For each transient instance, find all survey observations that overlap in both sky position and time window:

  • Sky position: HEALPix cone query centered on the transient's (RA, Dec) with the instrument's field-of-view radius
  • Time window: \([t_\mathrm{exp},\; t_\mathrm{exp} + \Delta t \cdot (1 + z)]\) where \(\Delta t\) is a configurable window (default 100 days)

This phase runs fully parallel via Rayon. Transients with zero matching observations are immediately discarded.

Phase 2: Lightcurve Evaluation

For each transient with matching observations, evaluate the lightcurve model at the observed times and bands to produce apparent magnitudes:

  • Rust-native models (MetzgerKNModel, BlastwaveModel): run in parallel via Rayon
  • Python callback models (fiestaEM, custom .predict()): run sequentially due to the Python GIL

The model returns a LightcurveEvaluation containing apparent magnitudes per band at each observation time.

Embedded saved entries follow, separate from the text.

(*
  Work with representatives in the group algebra kG and with
  congruence modulo the ideal IG defining A_G.  The involution star is an
  anti-automorphism of kG preserving IG, so every x splits as x = bar x + vecp x
  into a star-symmetric and a star-antisymmetric part, and star-symmetric
  elements are central modulo IG.

  For a commutator l = a^-1 b^-1 a b write x = y b a, so that
  x l - x = y (ab - ba).  Modulo IG, ab - ba only keeps the product of the
  vector parts, ab - ba == vecp a vecp b - vecp b vecp a = 2 [vecp a, vecp b],
  and taking the symmetric part of y W for antisymmetric W only keeps
  vecp y W + W vecp y.  Hence the generators of the two ideals agree up to the
  unit -2 of kG^#:
     bar (x l) - bar x  ==  -2 * ([vecp a, vecp b] . vecp (x a^-1 b^-1)),
  and conversely every [vecp a, vecp b] . c with c antisymmetric arises this
  way (taking x = c b a, and c == vecp c).  A general comparison lemma for
  ideals of kG^# generated by sets of representatives then gives both
  inclusions.
*)

section \<open>The involution on the group algebra\<close>

lemma poly_mapping_single_induct:
  fixes x :: "'a \<Rightarrow>\<^sub>0 'b::monoid_add"
  assumes "P 0" "\<And>p k c. P p \<Longrightarrow> P (p + Poly_Mapping.single k c)"
  shows "P x"
proof (induction x rule: Poly_Mapping.update_induct)
  case const then show ?case using assms(1) by simp
next
  case (update f a b)
  have "Poly_Mapping.update a b f = f + Poly_Mapping.single a b"
    using update(1)
    by (intro poly_mapping_eqI) (auto simp: lookup_add lookup_update lookup_single when_def in_keys_iff)
  then show ?case using assms(2)[OF update(3)] by simp
qed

Phase 3: Detection Evaluation

Apply detection criteria to each transient's lightcurve+observation pairs:

  • Compare apparent magnitude to observation limiting magnitude (SNR check)
  • Count detections across bands
  • Evaluate rise/fade rate constraints (fast-transient criteria)
  • Check minimum band and timespan requirements

This phase runs fully parallel via Rayon.

Population Generation

Before the pipeline runs, each PopulationGenerator draws \(N\) transient instances with:

  • Redshift \(z\) sampled from the volumetric rate distribution \(dN/dz \propto dV/dz\) via rejection sampling
  • Luminosity distance \(d_L(z)\) from flat \(\Lambda\)CDM cosmology
  • Sky position (RA, Dec) uniform on the sphere
  • Explosion time \(t_\mathrm{exp}\) uniform within the survey's MJD range
  • Physical parameters drawn from population-specific distributions
  • Extinction \(A_V^\mathrm{MW}\) and \(A_V^\mathrm{host}\) from Gaussian distributions

Rate Recovery

After the pipeline completes, detection efficiency is computed as:

\[ \epsilon(z) = \frac{N_\mathrm{det}(z)}{N_\mathrm{sim}(z)} \]

The all-sky detection rate is then:

\[ \dot{N}_\mathrm{det} = \mathcal{R} \cdot \frac{\Omega_\mathrm{survey}}{4\pi} \cdot \int_0^{z_\mathrm{max}} \epsilon(z) \cdot \frac{dV}{dz} \cdot \frac{1}{1+z} \, dz \]

where \(\mathcal{R}\) is the volumetric rate (Gpc\(^{-3}\) yr\(^{-1}\)), \(\Omega_\mathrm{survey}\) is the survey solid angle, and the \(1/(1+z)\) factor accounts for cosmological time dilation.